START DATASET EXCERPTS

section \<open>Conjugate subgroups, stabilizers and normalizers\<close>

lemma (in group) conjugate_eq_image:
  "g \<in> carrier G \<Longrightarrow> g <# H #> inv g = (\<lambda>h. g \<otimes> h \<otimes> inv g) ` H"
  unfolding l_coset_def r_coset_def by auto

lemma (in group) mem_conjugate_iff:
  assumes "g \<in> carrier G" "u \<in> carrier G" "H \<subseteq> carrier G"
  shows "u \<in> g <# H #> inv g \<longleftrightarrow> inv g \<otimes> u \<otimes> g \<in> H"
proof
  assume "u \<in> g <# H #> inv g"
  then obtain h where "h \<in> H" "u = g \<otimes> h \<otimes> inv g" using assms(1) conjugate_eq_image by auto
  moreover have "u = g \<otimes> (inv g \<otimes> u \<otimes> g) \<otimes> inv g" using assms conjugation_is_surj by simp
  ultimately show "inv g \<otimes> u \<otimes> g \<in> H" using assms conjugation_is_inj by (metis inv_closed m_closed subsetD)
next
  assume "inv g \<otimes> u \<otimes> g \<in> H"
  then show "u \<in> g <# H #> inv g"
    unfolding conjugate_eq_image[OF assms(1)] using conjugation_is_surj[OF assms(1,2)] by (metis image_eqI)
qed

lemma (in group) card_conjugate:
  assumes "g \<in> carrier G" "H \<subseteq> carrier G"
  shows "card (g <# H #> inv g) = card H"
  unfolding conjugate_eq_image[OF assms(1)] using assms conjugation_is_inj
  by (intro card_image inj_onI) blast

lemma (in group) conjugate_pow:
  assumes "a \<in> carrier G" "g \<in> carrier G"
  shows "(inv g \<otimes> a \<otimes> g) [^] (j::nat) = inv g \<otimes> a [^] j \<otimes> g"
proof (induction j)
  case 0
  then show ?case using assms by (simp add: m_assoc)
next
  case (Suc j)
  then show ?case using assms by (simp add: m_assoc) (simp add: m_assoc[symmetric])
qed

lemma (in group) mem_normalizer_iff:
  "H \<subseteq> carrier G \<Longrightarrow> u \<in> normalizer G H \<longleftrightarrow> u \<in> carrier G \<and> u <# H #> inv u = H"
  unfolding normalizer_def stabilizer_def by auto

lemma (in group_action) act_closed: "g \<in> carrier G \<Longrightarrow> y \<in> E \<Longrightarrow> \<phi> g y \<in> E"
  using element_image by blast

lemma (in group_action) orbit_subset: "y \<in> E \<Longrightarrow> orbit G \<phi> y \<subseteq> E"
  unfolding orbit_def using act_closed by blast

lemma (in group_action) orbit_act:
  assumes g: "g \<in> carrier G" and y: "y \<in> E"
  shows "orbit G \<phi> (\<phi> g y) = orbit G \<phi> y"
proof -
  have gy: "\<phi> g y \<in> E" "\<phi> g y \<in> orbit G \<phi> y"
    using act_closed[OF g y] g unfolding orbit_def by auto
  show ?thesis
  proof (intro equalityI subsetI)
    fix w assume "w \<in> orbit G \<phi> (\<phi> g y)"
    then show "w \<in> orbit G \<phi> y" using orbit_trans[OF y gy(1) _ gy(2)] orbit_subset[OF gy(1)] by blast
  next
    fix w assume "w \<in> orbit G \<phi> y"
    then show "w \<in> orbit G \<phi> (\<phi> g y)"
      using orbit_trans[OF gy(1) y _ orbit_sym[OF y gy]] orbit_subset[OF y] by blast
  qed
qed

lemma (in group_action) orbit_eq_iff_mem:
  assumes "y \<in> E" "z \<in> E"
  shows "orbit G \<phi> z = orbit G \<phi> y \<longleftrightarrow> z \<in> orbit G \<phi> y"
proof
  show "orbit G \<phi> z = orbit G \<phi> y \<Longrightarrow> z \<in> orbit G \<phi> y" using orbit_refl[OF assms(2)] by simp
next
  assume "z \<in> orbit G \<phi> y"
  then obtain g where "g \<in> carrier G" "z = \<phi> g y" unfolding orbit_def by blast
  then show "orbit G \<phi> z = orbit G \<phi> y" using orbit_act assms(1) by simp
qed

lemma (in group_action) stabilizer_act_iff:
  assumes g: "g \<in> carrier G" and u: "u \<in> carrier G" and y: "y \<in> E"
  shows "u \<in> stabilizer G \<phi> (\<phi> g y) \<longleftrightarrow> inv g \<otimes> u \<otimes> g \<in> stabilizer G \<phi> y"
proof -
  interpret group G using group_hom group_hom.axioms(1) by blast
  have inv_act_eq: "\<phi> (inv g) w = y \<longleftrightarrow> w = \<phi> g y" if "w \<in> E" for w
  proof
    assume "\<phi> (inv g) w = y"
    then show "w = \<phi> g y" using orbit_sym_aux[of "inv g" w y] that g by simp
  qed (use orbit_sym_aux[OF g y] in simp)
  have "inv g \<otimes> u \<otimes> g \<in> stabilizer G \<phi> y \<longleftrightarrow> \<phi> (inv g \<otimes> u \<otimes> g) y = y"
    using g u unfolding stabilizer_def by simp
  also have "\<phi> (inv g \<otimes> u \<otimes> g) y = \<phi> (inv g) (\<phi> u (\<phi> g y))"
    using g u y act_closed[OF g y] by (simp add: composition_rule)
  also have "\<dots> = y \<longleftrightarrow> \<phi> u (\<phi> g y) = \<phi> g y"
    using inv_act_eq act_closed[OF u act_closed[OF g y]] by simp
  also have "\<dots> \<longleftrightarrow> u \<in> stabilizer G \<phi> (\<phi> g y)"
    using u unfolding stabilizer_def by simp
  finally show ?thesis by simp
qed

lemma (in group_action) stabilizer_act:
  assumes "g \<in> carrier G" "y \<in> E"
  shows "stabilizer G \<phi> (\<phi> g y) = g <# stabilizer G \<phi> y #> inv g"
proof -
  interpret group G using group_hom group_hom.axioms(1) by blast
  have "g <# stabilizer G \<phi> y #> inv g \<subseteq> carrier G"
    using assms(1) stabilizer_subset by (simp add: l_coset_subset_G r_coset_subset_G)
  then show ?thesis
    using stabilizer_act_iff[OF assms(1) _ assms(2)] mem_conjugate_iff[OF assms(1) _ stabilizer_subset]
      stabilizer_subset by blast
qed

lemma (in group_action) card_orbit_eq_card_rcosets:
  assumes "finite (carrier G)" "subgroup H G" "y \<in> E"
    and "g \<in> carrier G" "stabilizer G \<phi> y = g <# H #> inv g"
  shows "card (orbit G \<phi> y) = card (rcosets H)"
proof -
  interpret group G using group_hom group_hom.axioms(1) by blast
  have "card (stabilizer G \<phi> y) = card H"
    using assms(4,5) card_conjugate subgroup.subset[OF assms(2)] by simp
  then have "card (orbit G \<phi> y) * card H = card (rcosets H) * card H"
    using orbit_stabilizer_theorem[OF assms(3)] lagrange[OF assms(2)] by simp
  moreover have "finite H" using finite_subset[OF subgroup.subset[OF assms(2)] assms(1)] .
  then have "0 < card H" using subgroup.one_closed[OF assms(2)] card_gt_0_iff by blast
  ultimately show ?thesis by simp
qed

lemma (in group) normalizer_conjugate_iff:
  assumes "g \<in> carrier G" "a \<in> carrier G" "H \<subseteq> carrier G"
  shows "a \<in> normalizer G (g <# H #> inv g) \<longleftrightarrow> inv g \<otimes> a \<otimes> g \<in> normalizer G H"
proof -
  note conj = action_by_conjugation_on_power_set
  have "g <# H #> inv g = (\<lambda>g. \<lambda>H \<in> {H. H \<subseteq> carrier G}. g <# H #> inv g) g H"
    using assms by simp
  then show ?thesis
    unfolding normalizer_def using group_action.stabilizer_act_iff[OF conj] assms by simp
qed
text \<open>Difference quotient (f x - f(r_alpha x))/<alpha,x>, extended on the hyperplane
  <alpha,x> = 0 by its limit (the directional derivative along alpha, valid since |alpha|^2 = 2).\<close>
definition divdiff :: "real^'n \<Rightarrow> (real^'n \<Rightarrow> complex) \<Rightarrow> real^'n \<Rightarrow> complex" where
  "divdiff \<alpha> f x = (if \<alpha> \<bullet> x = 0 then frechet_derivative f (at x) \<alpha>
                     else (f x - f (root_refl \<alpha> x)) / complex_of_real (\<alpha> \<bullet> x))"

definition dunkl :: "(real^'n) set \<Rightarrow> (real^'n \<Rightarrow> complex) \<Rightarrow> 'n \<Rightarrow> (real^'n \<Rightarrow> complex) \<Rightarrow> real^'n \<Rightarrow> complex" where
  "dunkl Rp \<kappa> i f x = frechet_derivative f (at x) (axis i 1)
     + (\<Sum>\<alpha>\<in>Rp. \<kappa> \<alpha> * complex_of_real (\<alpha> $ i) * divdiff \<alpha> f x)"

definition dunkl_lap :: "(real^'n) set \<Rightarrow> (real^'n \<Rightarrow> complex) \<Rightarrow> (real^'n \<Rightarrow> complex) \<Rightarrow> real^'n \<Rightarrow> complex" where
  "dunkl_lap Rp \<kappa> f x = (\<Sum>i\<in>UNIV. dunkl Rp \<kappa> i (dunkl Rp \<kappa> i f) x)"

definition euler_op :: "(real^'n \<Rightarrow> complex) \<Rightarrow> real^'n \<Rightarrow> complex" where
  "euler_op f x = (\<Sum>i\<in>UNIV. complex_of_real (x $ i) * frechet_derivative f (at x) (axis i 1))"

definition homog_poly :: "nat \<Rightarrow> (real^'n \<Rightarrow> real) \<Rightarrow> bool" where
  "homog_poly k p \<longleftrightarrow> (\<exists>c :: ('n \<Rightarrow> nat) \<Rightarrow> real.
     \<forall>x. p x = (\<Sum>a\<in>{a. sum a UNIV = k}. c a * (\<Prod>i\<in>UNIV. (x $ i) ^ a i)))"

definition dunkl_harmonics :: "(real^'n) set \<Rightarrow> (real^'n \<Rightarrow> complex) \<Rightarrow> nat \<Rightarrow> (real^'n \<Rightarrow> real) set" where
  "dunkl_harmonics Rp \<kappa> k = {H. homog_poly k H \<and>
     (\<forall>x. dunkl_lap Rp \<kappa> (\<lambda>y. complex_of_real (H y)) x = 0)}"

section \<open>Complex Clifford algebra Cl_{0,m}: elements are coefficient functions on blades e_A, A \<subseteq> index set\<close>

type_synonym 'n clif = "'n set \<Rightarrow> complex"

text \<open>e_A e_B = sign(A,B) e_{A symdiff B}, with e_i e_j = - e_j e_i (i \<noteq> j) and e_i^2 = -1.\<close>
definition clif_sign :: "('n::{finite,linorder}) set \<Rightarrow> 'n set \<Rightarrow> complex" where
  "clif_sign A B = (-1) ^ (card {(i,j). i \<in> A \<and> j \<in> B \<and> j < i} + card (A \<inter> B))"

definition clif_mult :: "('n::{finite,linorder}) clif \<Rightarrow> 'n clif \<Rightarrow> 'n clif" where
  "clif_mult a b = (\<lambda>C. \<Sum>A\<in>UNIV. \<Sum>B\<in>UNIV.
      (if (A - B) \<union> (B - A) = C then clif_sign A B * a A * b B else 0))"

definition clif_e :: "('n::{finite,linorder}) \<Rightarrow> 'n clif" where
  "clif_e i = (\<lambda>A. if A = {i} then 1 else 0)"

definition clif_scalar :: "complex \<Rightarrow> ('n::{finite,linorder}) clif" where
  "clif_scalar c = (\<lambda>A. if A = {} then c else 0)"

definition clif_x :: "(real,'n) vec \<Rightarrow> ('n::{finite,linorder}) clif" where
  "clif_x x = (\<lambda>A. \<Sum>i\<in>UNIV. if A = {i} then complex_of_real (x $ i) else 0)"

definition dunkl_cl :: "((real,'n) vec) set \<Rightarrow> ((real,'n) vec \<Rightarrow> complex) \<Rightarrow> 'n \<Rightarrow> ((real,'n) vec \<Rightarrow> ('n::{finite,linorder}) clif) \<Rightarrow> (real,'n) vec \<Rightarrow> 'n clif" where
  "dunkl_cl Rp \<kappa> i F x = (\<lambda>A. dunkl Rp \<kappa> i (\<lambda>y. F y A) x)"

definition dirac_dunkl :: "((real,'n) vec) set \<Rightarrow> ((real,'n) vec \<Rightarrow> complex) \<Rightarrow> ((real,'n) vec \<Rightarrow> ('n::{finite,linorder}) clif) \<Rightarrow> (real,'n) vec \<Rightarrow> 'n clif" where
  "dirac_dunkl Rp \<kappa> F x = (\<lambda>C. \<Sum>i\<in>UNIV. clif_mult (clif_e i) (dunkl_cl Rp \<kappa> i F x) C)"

END DATASET EXCERPTS
START DATASET EXCERPTS

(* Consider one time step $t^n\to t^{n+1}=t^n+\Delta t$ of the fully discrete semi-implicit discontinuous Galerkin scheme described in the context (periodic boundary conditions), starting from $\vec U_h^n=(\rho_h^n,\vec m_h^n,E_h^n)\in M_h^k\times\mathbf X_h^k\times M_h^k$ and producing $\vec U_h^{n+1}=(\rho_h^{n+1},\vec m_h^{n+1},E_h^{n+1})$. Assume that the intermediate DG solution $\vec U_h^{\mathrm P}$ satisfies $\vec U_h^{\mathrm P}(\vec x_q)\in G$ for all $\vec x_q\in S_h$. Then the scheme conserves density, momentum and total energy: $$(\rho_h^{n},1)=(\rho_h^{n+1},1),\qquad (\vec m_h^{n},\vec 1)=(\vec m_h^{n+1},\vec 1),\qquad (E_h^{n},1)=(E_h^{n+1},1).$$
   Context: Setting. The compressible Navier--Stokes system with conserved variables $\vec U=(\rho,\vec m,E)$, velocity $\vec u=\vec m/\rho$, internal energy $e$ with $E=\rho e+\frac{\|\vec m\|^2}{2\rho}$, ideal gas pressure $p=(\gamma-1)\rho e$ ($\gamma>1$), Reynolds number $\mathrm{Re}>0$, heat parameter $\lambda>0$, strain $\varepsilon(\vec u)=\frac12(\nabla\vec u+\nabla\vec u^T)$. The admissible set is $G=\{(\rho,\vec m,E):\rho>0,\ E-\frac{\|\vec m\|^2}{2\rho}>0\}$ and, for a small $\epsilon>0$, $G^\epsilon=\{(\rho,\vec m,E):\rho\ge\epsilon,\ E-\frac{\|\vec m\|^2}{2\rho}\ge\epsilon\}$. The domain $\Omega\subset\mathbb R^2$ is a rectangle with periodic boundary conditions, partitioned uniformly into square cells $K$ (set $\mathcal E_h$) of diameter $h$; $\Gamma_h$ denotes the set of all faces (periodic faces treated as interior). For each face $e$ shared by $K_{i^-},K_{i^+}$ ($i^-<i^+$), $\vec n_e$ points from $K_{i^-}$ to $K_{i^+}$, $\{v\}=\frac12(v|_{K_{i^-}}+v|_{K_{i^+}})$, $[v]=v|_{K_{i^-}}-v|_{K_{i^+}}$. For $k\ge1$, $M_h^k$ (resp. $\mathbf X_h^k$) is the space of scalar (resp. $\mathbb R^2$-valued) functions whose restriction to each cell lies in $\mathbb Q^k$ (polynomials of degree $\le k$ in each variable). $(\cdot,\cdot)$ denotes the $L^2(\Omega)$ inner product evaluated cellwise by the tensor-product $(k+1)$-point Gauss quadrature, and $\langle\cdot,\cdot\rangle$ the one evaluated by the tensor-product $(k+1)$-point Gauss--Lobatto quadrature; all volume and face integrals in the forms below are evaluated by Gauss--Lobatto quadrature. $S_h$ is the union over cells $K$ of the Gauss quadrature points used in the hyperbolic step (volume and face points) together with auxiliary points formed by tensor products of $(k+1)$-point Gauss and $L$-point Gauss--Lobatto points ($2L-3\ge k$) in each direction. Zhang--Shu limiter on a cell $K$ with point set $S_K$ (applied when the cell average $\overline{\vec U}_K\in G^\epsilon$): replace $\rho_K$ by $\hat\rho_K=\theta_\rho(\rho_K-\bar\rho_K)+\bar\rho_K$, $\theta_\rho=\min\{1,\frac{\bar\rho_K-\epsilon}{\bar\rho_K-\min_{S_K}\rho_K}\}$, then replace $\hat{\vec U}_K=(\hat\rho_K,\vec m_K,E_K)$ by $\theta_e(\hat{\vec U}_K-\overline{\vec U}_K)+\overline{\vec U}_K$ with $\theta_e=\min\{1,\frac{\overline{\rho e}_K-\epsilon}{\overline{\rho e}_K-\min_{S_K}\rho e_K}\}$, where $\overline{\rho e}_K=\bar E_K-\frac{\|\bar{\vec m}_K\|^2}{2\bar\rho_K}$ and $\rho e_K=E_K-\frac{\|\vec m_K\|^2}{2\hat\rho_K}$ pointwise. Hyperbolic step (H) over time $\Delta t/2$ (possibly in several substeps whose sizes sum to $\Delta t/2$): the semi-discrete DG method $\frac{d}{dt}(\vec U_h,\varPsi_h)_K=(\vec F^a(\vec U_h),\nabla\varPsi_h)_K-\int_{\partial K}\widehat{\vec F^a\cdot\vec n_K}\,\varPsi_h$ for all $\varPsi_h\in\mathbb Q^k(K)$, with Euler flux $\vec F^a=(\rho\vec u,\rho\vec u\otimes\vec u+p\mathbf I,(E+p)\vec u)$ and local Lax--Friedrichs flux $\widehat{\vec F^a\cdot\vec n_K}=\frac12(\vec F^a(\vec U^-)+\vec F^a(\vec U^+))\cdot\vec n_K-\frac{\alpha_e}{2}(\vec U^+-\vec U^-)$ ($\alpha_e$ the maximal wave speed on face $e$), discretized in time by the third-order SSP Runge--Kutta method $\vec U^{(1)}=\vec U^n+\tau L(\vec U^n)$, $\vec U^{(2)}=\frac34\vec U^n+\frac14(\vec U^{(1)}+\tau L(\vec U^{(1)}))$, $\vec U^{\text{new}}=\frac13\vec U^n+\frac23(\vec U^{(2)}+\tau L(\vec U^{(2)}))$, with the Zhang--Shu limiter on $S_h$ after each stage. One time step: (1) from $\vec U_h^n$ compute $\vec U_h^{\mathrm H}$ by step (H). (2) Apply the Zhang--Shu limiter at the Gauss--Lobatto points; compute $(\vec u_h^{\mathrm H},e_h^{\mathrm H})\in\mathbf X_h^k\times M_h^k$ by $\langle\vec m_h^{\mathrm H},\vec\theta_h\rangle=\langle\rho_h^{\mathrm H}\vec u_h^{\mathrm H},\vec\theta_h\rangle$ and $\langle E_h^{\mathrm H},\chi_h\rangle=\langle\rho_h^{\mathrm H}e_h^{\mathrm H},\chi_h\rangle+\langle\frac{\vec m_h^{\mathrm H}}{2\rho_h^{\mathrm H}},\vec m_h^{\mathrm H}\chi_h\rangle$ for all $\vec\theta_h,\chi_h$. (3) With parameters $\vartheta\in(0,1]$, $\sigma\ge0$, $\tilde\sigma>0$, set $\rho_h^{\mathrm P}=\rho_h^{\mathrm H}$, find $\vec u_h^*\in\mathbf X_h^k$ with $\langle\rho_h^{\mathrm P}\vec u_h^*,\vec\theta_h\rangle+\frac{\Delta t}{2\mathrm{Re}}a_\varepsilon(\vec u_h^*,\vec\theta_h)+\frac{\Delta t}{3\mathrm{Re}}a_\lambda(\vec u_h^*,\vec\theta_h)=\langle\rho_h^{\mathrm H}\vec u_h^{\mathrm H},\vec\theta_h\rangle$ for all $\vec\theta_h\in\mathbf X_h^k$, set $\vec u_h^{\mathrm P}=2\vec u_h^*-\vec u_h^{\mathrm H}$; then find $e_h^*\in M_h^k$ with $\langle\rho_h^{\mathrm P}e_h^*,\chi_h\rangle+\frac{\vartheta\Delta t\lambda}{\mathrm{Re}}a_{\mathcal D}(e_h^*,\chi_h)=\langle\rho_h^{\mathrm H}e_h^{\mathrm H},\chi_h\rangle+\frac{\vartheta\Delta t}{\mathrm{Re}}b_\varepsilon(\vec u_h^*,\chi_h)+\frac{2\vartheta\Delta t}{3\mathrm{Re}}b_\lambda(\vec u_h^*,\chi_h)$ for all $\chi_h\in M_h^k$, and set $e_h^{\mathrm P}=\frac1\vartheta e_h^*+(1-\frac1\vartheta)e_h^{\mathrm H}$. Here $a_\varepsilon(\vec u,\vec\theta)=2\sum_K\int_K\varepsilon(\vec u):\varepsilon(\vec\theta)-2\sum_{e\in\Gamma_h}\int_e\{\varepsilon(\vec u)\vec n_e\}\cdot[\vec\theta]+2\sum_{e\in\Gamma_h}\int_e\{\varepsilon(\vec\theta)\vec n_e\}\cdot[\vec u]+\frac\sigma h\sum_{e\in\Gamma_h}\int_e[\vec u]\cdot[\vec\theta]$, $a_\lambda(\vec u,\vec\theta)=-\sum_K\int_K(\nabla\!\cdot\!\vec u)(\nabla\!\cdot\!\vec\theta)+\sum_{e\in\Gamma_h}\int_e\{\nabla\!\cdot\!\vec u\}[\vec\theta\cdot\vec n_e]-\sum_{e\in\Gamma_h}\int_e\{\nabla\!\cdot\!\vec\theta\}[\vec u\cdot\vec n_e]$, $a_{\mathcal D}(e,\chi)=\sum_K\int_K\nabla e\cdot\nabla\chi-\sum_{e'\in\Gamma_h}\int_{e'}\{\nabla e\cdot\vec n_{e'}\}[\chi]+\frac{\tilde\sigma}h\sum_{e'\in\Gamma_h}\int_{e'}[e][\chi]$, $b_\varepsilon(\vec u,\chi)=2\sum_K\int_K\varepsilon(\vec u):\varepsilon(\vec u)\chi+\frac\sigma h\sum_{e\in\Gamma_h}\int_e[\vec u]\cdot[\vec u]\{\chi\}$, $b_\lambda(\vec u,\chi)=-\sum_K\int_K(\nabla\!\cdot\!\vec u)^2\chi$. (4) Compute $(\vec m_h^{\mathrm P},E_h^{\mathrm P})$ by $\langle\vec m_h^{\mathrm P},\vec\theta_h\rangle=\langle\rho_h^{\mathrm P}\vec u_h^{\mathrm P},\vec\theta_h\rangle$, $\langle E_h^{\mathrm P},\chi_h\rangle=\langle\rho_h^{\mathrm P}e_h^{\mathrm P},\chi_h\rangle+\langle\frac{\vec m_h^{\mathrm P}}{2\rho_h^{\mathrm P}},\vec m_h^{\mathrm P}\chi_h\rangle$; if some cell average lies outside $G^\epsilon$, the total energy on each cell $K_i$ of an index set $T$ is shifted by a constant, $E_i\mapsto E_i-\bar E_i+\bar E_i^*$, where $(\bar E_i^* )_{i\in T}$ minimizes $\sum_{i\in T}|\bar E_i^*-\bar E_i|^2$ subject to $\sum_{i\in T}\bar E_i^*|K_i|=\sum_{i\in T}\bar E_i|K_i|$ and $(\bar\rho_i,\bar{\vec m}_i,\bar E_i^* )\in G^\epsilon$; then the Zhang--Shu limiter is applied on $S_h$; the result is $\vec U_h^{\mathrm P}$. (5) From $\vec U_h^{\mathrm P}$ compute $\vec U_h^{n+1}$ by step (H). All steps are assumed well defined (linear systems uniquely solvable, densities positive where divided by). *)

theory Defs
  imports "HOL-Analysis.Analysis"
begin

END DATASET EXCERPTS

PROBLEM DESCRIPTION ▸
Exactly the lines above from the one with "then show ?case using assms by (simp add: m_assoc) (simp" to the one with "unfolding normalizer_def stabilizer_def", both included, are to be quoted; leave the rest out.

WRITTEN SOLUTION ▸
  then show ?case using assms by (simp add: m_assoc) (simp add: m_assoc[symmetric])
qed

lemma (in group) mem_normalizer_iff:
  "H \<subseteq> carrier G \<Longrightarrow> u \<in> normalizer G H \<longleftrightarrow> u \<in> carrier G \<and> u <# H #> inv u = H"
  unfolding normalizer_def stabilizer_def by auto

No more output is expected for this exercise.